[Dataset excerpts]
lemma bdry_incl_path_ne_diagonal:
  assumes \<gamma>: "\<gamma> \<in> branch_paths (bdry_cube 2) (zero_vertex 2) \<epsilon>" and t: "0 < t" "t \<le> \<epsilon>"
  shows "delayed_diagonal_path \<epsilon> 0 t \<noteq> bdry_incl_path 2 \<epsilon> \<gamma> t"
proof
  assume eq: "delayed_diagonal_path \<epsilon> 0 t = bdry_incl_path 2 \<epsilon> \<gamma> t"
  obtain n c \<phi> where "(n, c) \<in> init_cubes (bdry_cube 2) (zero_vertex 2)"
    and \<gamma>_eq: "\<gamma> = restrict (cell_map (bdry_cube 2) n c \<circ> \<phi>) {0..\<epsilon>}"
    using \<gamma> unfolding branch_paths_def by blast
  then have n: "n = 1" and c: "c = [None, Some False] \<or> c = [Some False, None]"
    by (simp_all only: init_cubes_bdry_square)
  have "real_class (std_cube 2) (2, [None, None], delayed_diagonal 0 t) = real_class (std_cube 2) (1, c, \<phi> t)"
    using eq t by (simp add: \<gamma>_eq n bdry_incl_path_def delayed_diagonal_path_def cell_map_def
        real_map_bdry_cube_real_class)
  then have coords: "std_cube_coord (2, [None, None], delayed_diagonal 0 t) = std_cube_coord (1, c, \<phi> t)"
    by (rule real_class_std_cube_coord)
  have "std_cube_coord (1, c, \<phi> t) 0 * std_cube_coord (1, c, \<phi> t) 1 = 0"
    using c by (auto simp: std_cube_coord_def word_coord_def)
  moreover have "std_cube_coord (2, [None, None], delayed_diagonal 0 t) 0 = t / 2"
    "std_cube_coord (2, [None, None], delayed_diagonal 0 t) 1 = t / 2"
    using t by (simp_all add: std_cube_coord_def word_coord_def delayed_diagonal_def)
  ultimately show False
    using t(1) unfolding coords by simp
qed

lemma diagonal_germ_not_in_image:
  assumes "0 < \<epsilon>" and "\<epsilon> \<le> 1"
  shows "germ_rel (std_cube 2) (zero_vertex 2) \<epsilon> `` {delayed_diagonal_path \<epsilon> 0}
    \<notin> germ_map (bdry_cube 2) (std_cube 2) id (zero_vertex 2) \<epsilon> `
        (branch_paths (bdry_cube 2) (zero_vertex 2) \<epsilon> // germ_rel (bdry_cube 2) (zero_vertex 2) \<epsilon>)"
proof
  assume "germ_rel (std_cube 2) (zero_vertex 2) \<epsilon> `` {delayed_diagonal_path \<epsilon> 0}
    \<in> germ_map (bdry_cube 2) (std_cube 2) id (zero_vertex 2) \<epsilon> `
        (branch_paths (bdry_cube 2) (zero_vertex 2) \<epsilon> // germ_rel (bdry_cube 2) (zero_vertex 2) \<epsilon>)"
  then obtain \<gamma> where \<gamma>: "\<gamma> \<in> branch_paths (bdry_cube 2) (zero_vertex 2) \<epsilon>"
    and eq: "germ_rel (std_cube 2) (zero_vertex 2) \<epsilon> `` {delayed_diagonal_path \<epsilon> 0}
      = germ_rel (std_cube 2) (zero_vertex 2) \<epsilon> `` {bdry_incl_path 2 \<epsilon> \<gamma>}"
    unfolding germ_map_bdry_cube_image[OF assms(1)] by blast
  have "delayed_diagonal_path \<epsilon> 0 \<in> branch_paths (std_cube 2) (zero_vertex 2) \<epsilon>"
    using assms(2) by (simp add: delayed_diagonal_path_in_branch_paths)
  then have "(delayed_diagonal_path \<epsilon> 0, bdry_incl_path 2 \<epsilon> \<gamma>) \<in> germ_rel (std_cube 2) (zero_vertex 2) \<epsilon>"
    using eq_equiv_class_iff[OF equiv_germ_rel[OF assms(1)] _ bdry_incl_path_in_branch_paths[OF \<gamma>]]
      eq by simp
  then obtain t where t: "0 < t" "t < \<epsilon>"
    and agree: "\<forall>t'\<in>{0..t}. delayed_diagonal_path \<epsilon> 0 t' = bdry_incl_path 2 \<epsilon> \<gamma> t'"
    unfolding germ_rel_iff by blast
  have "t \<in> {0..t}" using t by simp
  with agree have "delayed_diagonal_path \<epsilon> 0 t = bdry_incl_path 2 \<epsilon> \<gamma> t" by blast
  with bdry_incl_path_ne_diagonal[OF \<gamma> t(1) less_imp_le[OF t(2)]] show False by contradiction
qed

lemma continuous_map_closedin_at_left_endpoint:
  fixes g :: "real \<Rightarrow> 'a"
  assumes "continuous_map (top_of_set {0..1}) Y g" and "closedin Y A"
    and "\<And>s. 0 < s \<Longrightarrow> s \<le> 1 \<Longrightarrow> g s \<in> A"
  shows "g 0 \<in> A"
proof -
  have "closedin (top_of_set {0..1}) {s \<in> {0..1}. g s \<in> A}"
    using closedin_continuous_map_preimage[OF assms(1,2)] by simp
  then obtain C where C: "closed C" "{s \<in> {0..1}. g s \<in> A} = {0..1} \<inter> C"
    unfolding closedin_closed by blast
  have "{0<..1} \<subseteq> C"
  proof
    fix s :: real assume "s \<in> {0<..1}"
    then have "s \<in> {s \<in> {0..1}. g s \<in> A}" using assms(3) by simp
    then show "s \<in> C" using C(2) by blast
  qed
  then have "closure {0<..1::real} \<subseteq> C" using C(1) by (rule closure_minimal)
  then have "(0::real) \<in> C" by (rule subsetD) simp
  then have "(0::real) \<in> {s \<in> {0..1}. g s \<in> A}" unfolding C(2) by simp
  then show ?thesis by simp
qed

theorem proposition4p4:
  fixes \<epsilon> :: real
  assumes "0 < \<epsilon>" and "\<epsilon> < 1"
  shows "\<not> closed_inclusion (germ_space (bdry_cube 2) (zero_vertex 2) \<epsilon>)
                            (germ_space (std_cube 2) (zero_vertex 2) \<epsilon>)
                            (germ_map (bdry_cube 2) (std_cube 2) id (zero_vertex 2) \<epsilon>)"
proof
  let ?germ = "\<lambda>s. germ_rel (std_cube 2) (zero_vertex 2) \<epsilon> `` {delayed_diagonal_path \<epsilon> s}"
  let ?image = "germ_map (bdry_cube 2) (std_cube 2) id (zero_vertex 2) \<epsilon> `
        (branch_paths (bdry_cube 2) (zero_vertex 2) \<epsilon> // germ_rel (bdry_cube 2) (zero_vertex 2) \<epsilon>)"
  assume "closed_inclusion (germ_space (bdry_cube 2) (zero_vertex 2) \<epsilon>)
      (germ_space (std_cube 2) (zero_vertex 2) \<epsilon>) (germ_map (bdry_cube 2) (std_cube 2) id (zero_vertex 2) \<epsilon>)"
  then have closed: "closedin (germ_space (std_cube 2) (zero_vertex 2) \<epsilon>) ?image"
    unfolding closed_inclusion_def topspace_germ_space by (elim conjE)
  have \<epsilon>: "0 \<le> \<epsilon>" "\<epsilon> \<le> 1" using assms by simp_all
  have continuous: "continuous_map (top_of_set {0..1}) (germ_space (std_cube 2) (zero_vertex 2) \<epsilon>) ?germ"
    using continuous_map_compose[OF continuous_map_delayed_diagonal_path[OF \<epsilon>] continuous_map_germ_class]
    by (simp only: o_def)
  have "?germ s \<in> ?image" if "0 < s" "s \<le> 1" for s
    using assms(1) \<epsilon>(2) that(1) by (rule delayed_diagonal_germ_in_image)
  with continuous closed have "?germ 0 \<in> ?image"
    by (rule continuous_map_closedin_at_left_endpoint)
  with diagonal_germ_not_in_image[OF assms(1) \<epsilon>(2)] show False ..
qed

end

TASK DESCRIPTION: Each line containing the word "agree" needs to be copied from the data above.

RESPONSE FOR THIS EXERCISE:
    and agree: "\<forall>t'\<in>{0..t}. delayed_diagonal_path \<epsilon> 0 t' = bdry_incl_path 2 \<epsilon> \<gamma> t'"
  with agree have "delayed_diagonal_path \<epsilon> 0 t = bdry_incl_path 2 \<epsilon> \<gamma> t" by blast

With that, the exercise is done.